I'm thinking of using Wowza Media Server.

In particular I have two questions:

  1. What video protocol/format should be used between cameras and the streaming server? What advantages over standard MPEG does H.264 have?

  2. What format should be utilized to allow for multicast streaming between the streaming server and the webserver/user?


  1. We were choosing between Panasonic BL-C101, whose specs say it supports "Image compression: JPEG (Motion JPEG), MPEG-4" (I guess it's MPEG-4 unless they don't mention H.264 explicitly) and a H.264 supporting camera Axis M1011. As Wowza needs H.264 we go for Axis. We are going to save snapshots every 0.5 seconds (which is probably ideal for surveillance cameras) and a) record it and broadcast it later on demand b) broadcast it live via unicast or multicast. ffmpeg would cut, save video to disk and, possibly, stream it live. I'm slightly confused here... What would be the role of Wowza Media server then?

  2. What do you think would be the advantage of using multicast over Internet (and should it be used)?

1 Answer 1

  1. H.264 is also known as MPEG-4 Part 10 - what do you mean by standard MPEG? MPEG-1? MPEG-2? Since Wowza Media Server only uses H.264 I'm confused by this bit. A MPEG-TS stands for MPEG Transport Stream which is a stream of video that contains an MPEG codec (eg. MPEG-2, H.264, etc.)

    Comparing H.264 to say MPEG-2, the crux is H.264 gives you better compression at the same quality level but requires a lot more horsepower to run.
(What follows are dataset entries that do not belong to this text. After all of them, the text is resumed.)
(* Consider the controlled system $\dot x = f(x)+g(x)u$, $y=h(x)$, with $x\in\mathbb{R}^{d_x}$, $u\in\mathbb{R}^{d_u}$, where $f,g,h$ are sufficiently many times differentiable, let $\mathcal{S}\subset\mathbb{R}^{d_x}$ be open and let $i\ge1$ be an integer. Let $x\in\mathcal{S}$ and suppose there exist $L>0$ and a neighborhood $N$ of $x$ such that $$|L_gL_f^{i-1}h(x_a)-L_gL_f^{i-1}h(x_b)|\le L\,|\mathbf{H}_i(x_a)-\mathbf{H}_i(x_b)|\qquad\forall (x_a,x_b)\in N^2.$$ Then for any nonzero $v\in\mathbb{R}^{d_x}$ and any $k\in\{1,\dots,d_u\}$, $$\frac{\partial\mathbf{H}_i}{\partial x}(x)\,v=0\ \Longrightarrow\ \frac{\partial L_{g_k}L_f^{i-1}h}{\partial x}(x)\,v=0.$$
   Context: $L_f$ is the Lie derivative along $f$, $g_k$ is the $k$-th column of $g$, and $L_g\alpha=(L_{g_1}\alpha,\dots,L_{g_{d_u}}\alpha)$. $\mathbf{H}_i(x)=(h(x),L_fh(x),\dots,L_f^{i-1}h(x))$. *)

theory Defs
  imports "HOL-Analysis.Analysis"
begin

definition lie :: "(real^'n \<Rightarrow> real^'n) \<Rightarrow> (real^'n \<Rightarrow> 'b::real_normed_vector)
                   \<Rightarrow> real^'n \<Rightarrow> 'b" where
  "lie F \<phi> = (\<lambda>z. frechet_derivative \<phi> (at z) (F z))"

definition lie_iter :: "(real^'n \<Rightarrow> real^'n) \<Rightarrow> nat \<Rightarrow> (real^'n \<Rightarrow> 'b::real_normed_vector)
                        \<Rightarrow> real^'n \<Rightarrow> 'b" where
  "lie_iter f j h = (lie f ^^ j) h"

(* L_g alpha = (L_{g_1} alpha, ..., L_{g_du} alpha), g_k = k-th column of g;
   for vector-valued alpha this is the d_y x d_u matrix whose k-th column is L_{g_k} alpha *)
definition lie_g :: "(real^'n \<Rightarrow> real^'m^'n) \<Rightarrow> (real^'n \<Rightarrow> real^'p) \<Rightarrow> real^'n \<Rightarrow> real^'m^'p" where
  "lie_g g \<alpha> = (\<lambda>z. \<chi> r c. lie (\<lambda>w. column c (g w)) \<alpha> z $ r)"

(* |H_i(xa) - H_i(xb)|, Euclidean norm of the stacked vector
   H_i(x) = (h(x), L_f h(x), ..., L_f^{i-1} h(x)) *)
definition H_dist :: "(real^'n \<Rightarrow> real^'n) \<Rightarrow> (real^'n \<Rightarrow> real^'p) \<Rightarrow> nat
                      \<Rightarrow> real^'n \<Rightarrow> real^'n \<Rightarrow> real" where
  "H_dist f h i xa xb = sqrt (\<Sum>j<i. (norm (lie_iter f j h xa - lie_iter f j h xb))\<^sup>2)"

end

theory Submission
  imports Defs
begin

(* Along the ray x + t v the Lipschitz hypothesis bounds the difference quotient of
   L_{g_k} L_f^{i-1} h (a column of L_g L_f^{i-1} h, so its norm is dominated by that of the
   matrix) by L times the difference quotient of H_i. The latter tends to 0 when H_i has zero
   derivative in direction v at x, so the directional derivative of L_{g_k} L_f^{i-1} h is 0. *)

lemma has_derivative_imp_directional_quotient:
  fixes F :: "'a::real_normed_vector \<Rightarrow> 'b::real_normed_vector"
  assumes "(F has_derivative D) (at x)"
  shows "((\<lambda>t. (F (x + t *\<^sub>R v) - F x) /\<^sub>R t) \<longlongrightarrow> D v) (at (0::real))"
proof -
  have "((\<lambda>t::real. x + t *\<^sub>R v) has_derivative (\<lambda>t. t *\<^sub>R v)) (at 0)"
    by (auto intro!: derivative_eq_intros)
  from diff_chain_at[OF this] assms
  have "((\<lambda>t. F (x + t *\<^sub>R v)) has_derivative (\<lambda>t. D (t *\<^sub>R v))) (at 0)"
    by (simp add: o_def)
  moreover have "D (t *\<^sub>R v) = t *\<^sub>R D v" for t
    using assms has_derivative_bounded_linear linear_simps(5) by blast
  ultimately have "((\<lambda>t. norm (F (x + t *\<^sub>R v) - F x - t *\<^sub>R D v) / norm t) \<longlongrightarrow> 0) (at (0::real))"
    unfolding has_derivative_at by simp
  moreover have "\<forall>\<^sub>F t in at 0. norm (F (x + t *\<^sub>R v) - F x - t *\<^sub>R D v) / norm t
      = norm ((F (x + t *\<^sub>R v) - F x) /\<^sub>R t - D v)"
    unfolding eventually_at_filter
  proof (intro always_eventually allI impI)
    fix t :: real
    assume "t \<noteq> 0"
    then have "F (x + t *\<^sub>R v) - F x - t *\<^sub>R D v = t *\<^sub>R ((F (x + t *\<^sub>R v) - F x) /\<^sub>R t - D v)"
      by (simp add: algebra_simps)
    with \<open>t \<noteq> 0\<close> show "norm (F (x + t *\<^sub>R v) - F x - t *\<^sub>R D v) / norm t
        = norm ((F (x + t *\<^sub>R v) - F x) /\<^sub>R t - D v)"
      by simp
  qed
  ultimately have "((\<lambda>t. norm ((F (x + t *\<^sub>R v) - F x) /\<^sub>R t - D v)) \<longlongrightarrow> 0) (at (0::real))"
    using tendsto_cong by fastforce
  then show ?thesis
    by (simp add: tendsto_norm_zero_iff LIM_zero_iff)
qed

lemma directional_derivative_eq_0_if_dominated:
  fixes F :: "'a::real_normed_vector \<Rightarrow> 'b::real_normed_vector"
  assumes "(F has_derivative D) (at x)"
    and "\<forall>\<^sub>F t in at 0. norm (F (x + t *\<^sub>R v) - F x) \<le> \<rho> t"
    and "((\<lambda>t. \<rho> t / \<bar>t\<bar>) \<longlongrightarrow> 0) (at (0::real))"
  shows "D v = 0"
proof -
  have "\<forall>\<^sub>F t in at 0. norm ((F (x + t *\<^sub>R v) - F x) /\<^sub>R t) \<le> \<rho> t / \<bar>t\<bar>"
    using assms(2) by eventually_elim (simp add: divide_inverse_commute mult_left_mono)
  from tendsto_le[OF _ assms(3) tendsto_norm[OF has_derivative_imp_directional_quotient[OF assms(1)]] this]
  show ?thesis by simp
qed

lemma L2_set_directional_quotient_tendsto_0:
  fixes F :: "'i \<Rightarrow> 'a::real_normed_vector \<Rightarrow> 'b::real_normed_vector"
  assumes "\<And>j. j \<in> J \<Longrightarrow> (F j has_derivative D j) (at x)"
    and "\<And>j. j \<in> J \<Longrightarrow> D j v = 0"
  shows "((\<lambda>t. L2_set (\<lambda>j. norm (F j (x + t *\<^sub>R v) - F j x)) J / \<bar>t\<bar>) \<longlongrightarrow> 0) (at (0::real))"
proof -
  have quotient_eq: "L2_set (\<lambda>j. norm (F j (x + t *\<^sub>R v) - F j x)) J / \<bar>t\<bar>
      = L2_set (\<lambda>j. norm ((F j (x + t *\<^sub>R v) - F j x) /\<^sub>R t)) J" for t
    by (simp add: L2_set_right_distrib divide_inverse_commute mult.commute[of _ "inverse _"])
  have "((\<lambda>t. L2_set (\<lambda>j. norm ((F j (x + t *\<^sub>R v) - F j x) /\<^sub>R t)) J)
          \<longlongrightarrow> L2_set (\<lambda>j. norm (D j v)) J) (at (0::real))"
    unfolding L2_set_def
    by (intro tendsto_intros has_derivative_imp_directional_quotient assms)
  moreover have "L2_set (\<lambda>j. norm (D j v)) J = 0"
    by (simp add: L2_set_def assms(2))
  ultimately show ?thesis
    unfolding quotient_eq by simp
qed

lemma norm_column_le: "norm (column k A) \<le> norm (A :: real^'m^'n)"
  unfolding norm_vec_def[of "column k A"] norm_vec_def[of A]
  by (rule L2_set_mono) (auto simp: column_def component_le_norm_cart)

lemma column_diff: "column k (A - B) = column k A - column k B"
  by (simp add: column_def vec_eq_iff)

lemma lie_column_eq_column_lie_g:
  "lie (\<lambda>w. column k (g w)) \<alpha> = (\<lambda>z. column k (lie_g g \<alpha> z))"
  by (simp add: lie_g_def column_def vec_eq_iff fun_eq_iff)

lemma H_dist_eq_L2_set:
  "H_dist f h i xa xb = L2_set (\<lambda>j. norm (lie_iter f j h xa - lie_iter f j h xb)) {..<i}"
  by (simp add: H_dist_def L2_set_def)

theorem lemma4:
  fixes f :: "real^'n \<Rightarrow> real^'n" and g :: "real^'n \<Rightarrow> real^'m^'n"
    and h :: "real^'n \<Rightarrow> real^'p" and S :: "(real^'n) set" and i :: nat
    and x :: "real^'n"
  assumes S_open: "open S"
    and i_pos: "i \<ge> 1"
    and H_diff: "\<forall>j<i. lie_iter f j h differentiable_on S"
    and LgH_diff: "\<forall>k. lie (\<lambda>w. column k (g w)) (lie_iter f (i - 1) h) differentiable_on S"
    and x_in: "x \<in> S"
    and lip: "\<exists>L>0. \<exists>N. open N \<and> x \<in> N \<and>
               (\<forall>xa\<in>N. \<forall>xb\<in>N. norm (lie_g g (lie_iter f (i - 1) h) xa - lie_g g (lie_iter f (i - 1) h) xb)
                                 \<le> L * H_dist f h i xa xb)"
  shows "\<forall>v k. v \<noteq> 0 \<longrightarrow>
           (\<forall>j<i. frechet_derivative (lie_iter f j h) (at x) v = 0) \<longrightarrow>
           frechet_derivative (lie (\<lambda>w. column k (g w)) (lie_iter f (i - 1) h)) (at x) v = 0"
proof (intro allI impI)
  fix v :: "real^'n" and k :: 'm
  assume H_flat: "\<forall>j<i. frechet_derivative (lie_iter f j h) (at x) v = 0"
  define \<Phi> where "\<Phi> = lie_g g (lie_iter f (i - 1) h)"
  define \<phi> where "\<phi> = lie (\<lambda>w. column k (g w)) (lie_iter f (i - 1) h)"
  have \<phi>_eq: "\<phi> z = column k (\<Phi> z)" for z
    by (simp add: \<phi>_def \<Phi>_def lie_column_eq_column_lie_g)
  obtain L N where "open N" "x \<in> N"
    and bound: "\<forall>xa\<in>N. \<forall>xb\<in>N. norm (\<Phi> xa - \<Phi> xb) \<le> L * H_dist f h i xa xb"
    using lip unfolding \<Phi>_def by blast
  have has_frechet_at_x: "(F has_derivative frechet_derivative F (at x)) (at x)"
    if "F differentiable_on S" for F :: "real^'n \<Rightarrow> real^'p"
    using that S_open x_in differentiable_on_eq_differentiable_at frechet_derivative_works by blast
  have "\<forall>\<^sub>F t in at 0. x + t *\<^sub>R v \<in> N"
    using \<open>open N\<close> \<open>x \<in> N\<close> by (intro topological_tendstoD) (auto intro!: tendsto_eq_intros)
  then have "\<forall>\<^sub>F t in at 0. norm (\<phi> (x + t *\<^sub>R v) - \<phi> x) \<le> L * H_dist f h i (x + t *\<^sub>R v) x"
  proof eventually_elim
    case (elim t)
    have "norm (\<phi> (x + t *\<^sub>R v) - \<phi> x) \<le> norm (\<Phi> (x + t *\<^sub>R v) - \<Phi> x)"
      unfolding \<phi>_eq column_diff[symmetric] by (rule norm_column_le)
    also have "\<dots> \<le> L * H_dist f h i (x + t *\<^sub>R v) x"
      using bound elim \<open>x \<in> N\<close> by blast
    finally show ?case .
  qed
  moreover have "((\<lambda>t. L * H_dist f h i (x + t *\<^sub>R v) x / \<bar>t\<bar>) \<longlongrightarrow> 0) (at 0)"
    unfolding H_dist_eq_L2_set times_divide_eq_right[symmetric]
    using H_diff H_flat
    by (intro tendsto_mult_right_zero has_frechet_at_x
        L2_set_directional_quotient_tendsto_0[where D = "\<lambda>j. frechet_derivative (lie_iter f j h) (at x)"])
      auto
  moreover have "(\<phi> has_derivative frechet_derivative \<phi> (at x)) (at x)"
    unfolding \<phi>_def using LgH_diff by (blast intro: has_frechet_at_x)
  ultimately show "frechet_derivative \<phi> (at x) v = 0"
    by (intro directional_derivative_eq_0_if_dominated)
qed

end
(* For all $n\ge3$, $\mathcal{H}_{C_n}=\mathcal{H}_{C_n}^\psi=[1,\infty)$, and $\mathcal{H}_{C_4}^\phi=[2,\infty)$. Moreover, for $n>4$, $[2,\infty)\subset\mathcal{H}_{C_n}^\phi\subset[1,\infty)$, with $1\notin\mathcal{H}_{C_n}^\phi$ for $n$ even.
   Context: $C_n$ is the cycle graph on $n$ vertices. For a graph $G$ on $\{1,\dots,n\}$ and $I\subset\mathbb{R}$, $\mathcal{P}_G(I)$ is the set of real symmetric positive semidefinite $n\times n$ matrices with entries in $I$ and $a_{ij}=0$ whenever $i\ne j$ and $(i,j)$ is not an edge; $\mathcal{P}_G=\mathcal{P}_G(\mathbb{R})$. For $A$ with nonnegative entries, $A^{\circ\alpha}=(a_{ij}^\alpha)$ with $0^\alpha:=0$. $\psi_\alpha(x)=\mathrm{sgn}(x)|x|^\alpha$, $\phi_\alpha(x)=|x|^\alpha$ ($x\ne0$), $\psi_\alpha(0)=\phi_\alpha(0)=0$, applied entrywise. $\mathcal{H}_G=\{\alpha\in\mathbb{R}:A^{\circ\alpha}\in\mathcal{P}_G\ \forall A\in\mathcal{P}_G([0,\infty))\}$, $\mathcal{H}_G^\psi=\{\alpha:\psi_\alpha[A]\in\mathcal{P}_G\ \forall A\in\mathcal{P}_G(\mathbb{R})\}$, $\mathcal{H}_G^\phi=\{\alpha:\phi_\alpha[A]\in\mathcal{P}_G\ \forall A\in\mathcal{P}_G(\mathbb{R})\}$. *)

theory Defs
  imports Complex_Main
begin

text \<open>Matrices of size n are functions nat => nat => real; only entries with
 indices < n matter. Vertices are 0..n-1 (instead of 1..n).\<close>

definition cycle_graph :: "nat \<Rightarrow> nat \<Rightarrow> nat \<Rightarrow> bool" where
  "cycle_graph n i j \<longleftrightarrow> (j = Suc i mod n \<or> i = Suc j mod n)"

definition psd_mat :: "nat \<Rightarrow> (nat \<Rightarrow> nat \<Rightarrow> real) \<Rightarrow> bool" where
  "psd_mat n A \<longleftrightarrow> (\<forall>i<n. \<forall>j<n. A i j = A j i) \<and>
     (\<forall>x :: nat \<Rightarrow> real. 0 \<le> (\<Sum>i<n. \<Sum>j<n. x i * A i j * x j))"

definition PG :: "nat \<Rightarrow> (nat \<Rightarrow> nat \<Rightarrow> bool) \<Rightarrow> real set \<Rightarrow> (nat \<Rightarrow> nat \<Rightarrow> real) set" where
  "PG n G I = {A. psd_mat n A \<and> (\<forall>i<n. \<forall>j<n. A i j \<in> I) \<and>
                 (\<forall>i<n. \<forall>j<n. i \<noteq> j \<and> \<not> G i j \<longrightarrow> A i j = 0)}"

text \<open>Entrywise maps; note 0 powr a = 0 in Isabelle, matching 0^a := 0.\<close>
definition hpow :: "real \<Rightarrow> (nat \<Rightarrow> nat \<Rightarrow> real) \<Rightarrow> (nat \<Rightarrow> nat \<Rightarrow> real)" where
  "hpow a A = (\<lambda>i j. A i j powr a)"

definition psi_pow :: "real \<Rightarrow> real \<Rightarrow> real" where
  "psi_pow a x = sgn x * \<bar>x\<bar> powr a"

definition phi_pow :: "real \<Rightarrow> real \<Rightarrow> real" where
  "phi_pow a x = \<bar>x\<bar> powr a"

definition HG :: "nat \<Rightarrow> (nat \<Rightarrow> nat \<Rightarrow> bool) \<Rightarrow> real set" where
  "HG n G = {a. \<forall>A \<in> PG n G {0..}. hpow a A \<in> PG n G UNIV}"

definition HG_psi :: "nat \<Rightarrow> (nat \<Rightarrow> nat \<Rightarrow> bool) \<Rightarrow> real set" where
  "HG_psi n G = {a. \<forall>A \<in> PG n G UNIV. (\<lambda>i j. psi_pow a (A i j)) \<in> PG n G UNIV}"

definition HG_phi :: "nat \<Rightarrow> (nat \<Rightarrow> nat \<Rightarrow> bool) \<Rightarrow> real set" where
  "HG_phi n G = {a. \<forall>A \<in> PG n G UNIV. (\<lambda>i j. phi_pow a (A i j)) \<in> PG n G UNIV}"

end

theory Submission
  imports Defs "HOL-Analysis.Analysis"
begin

text \<open>For \<open>\<psi>\<^sub>a\<close> with \<open>a \<ge> 1\<close> we induct on \<open>n\<close>, taking the Schur complement at the last vertex
  of the cycle. It is again a matrix on a cycle, \<open>C\<^sub>n\<^sub>-\<^sub>1\<close>, whose only new edge joins the two
  neighbours of the removed vertex. For \<open>n \<ge> 4\<close> every off-diagonal entry of the complement is
  either an old entry or a fill-in term, never the sum of both, so \<open>\<psi>\<^sub>a\<close> commutes with taking
  the complement off the diagonal, while superadditivity of \<open>x\<^sup>a\<close> makes the complement of
  \<open>\<psi>\<^sub>a[A]\<close> dominate \<open>\<psi>\<^sub>a\<close> of the complement on the diagonal. For \<open>n = 3\<close> the two terms do
  meet, and a \<open>2 \<times> 2\<close> inequality for \<open>\<psi>\<^sub>a\<close> takes over. Since \<open>\<phi>\<^sub>a(x) = \<psi>\<^sub>a\<^sub>/\<^sub>2(x\<^sup>2)\<close>, the case
  \<open>a \<ge> 2\<close> of \<open>\<phi>\<^sub>a\<close> follows by the Schur product theorem.

  The lower bounds come from the path matrix \<open>[1 1 0; 1 2 1; 0 1 1]\<close> for \<open>a < 1\<close>, and from a
  family of cycle matrices with one signed edge which the same Schur complement step reduces
  to a \<open>4 \<times> 4\<close> matrix.\<close>

section \<open>Quadratic forms and Schur complements\<close>

definition quad_form :: "nat \<Rightarrow> (nat \<Rightarrow> nat \<Rightarrow> real) \<Rightarrow> (nat \<Rightarrow> real) \<Rightarrow> real" where
  "quad_form n A x = (\<Sum>i<n. \<Sum>j<n. x i * A i j * x j)"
DVDs use MPEG-2, whereas Blu-ray discs can use MPEG-2 or H.264 for example.

    Lastly, how are you planning to hook up the cameras to the server? Different cameras output video in different codecs (most I've seen are using Motion JPEG, WMV9, H.264, or even full blown MPEG-4 instead of Motion JPEG in an MPEG-4 container), or instead of providing video will save snapshots every x seconds to a server which you could then piece together into an actual movie using ffmpeg. All these will determine the best format to go between the cameras and the server.

  2. It can be noted that multicast streaming is blocked by many firewalls and routers by default - something to be aware of.

  • @Chealion: I updated the question.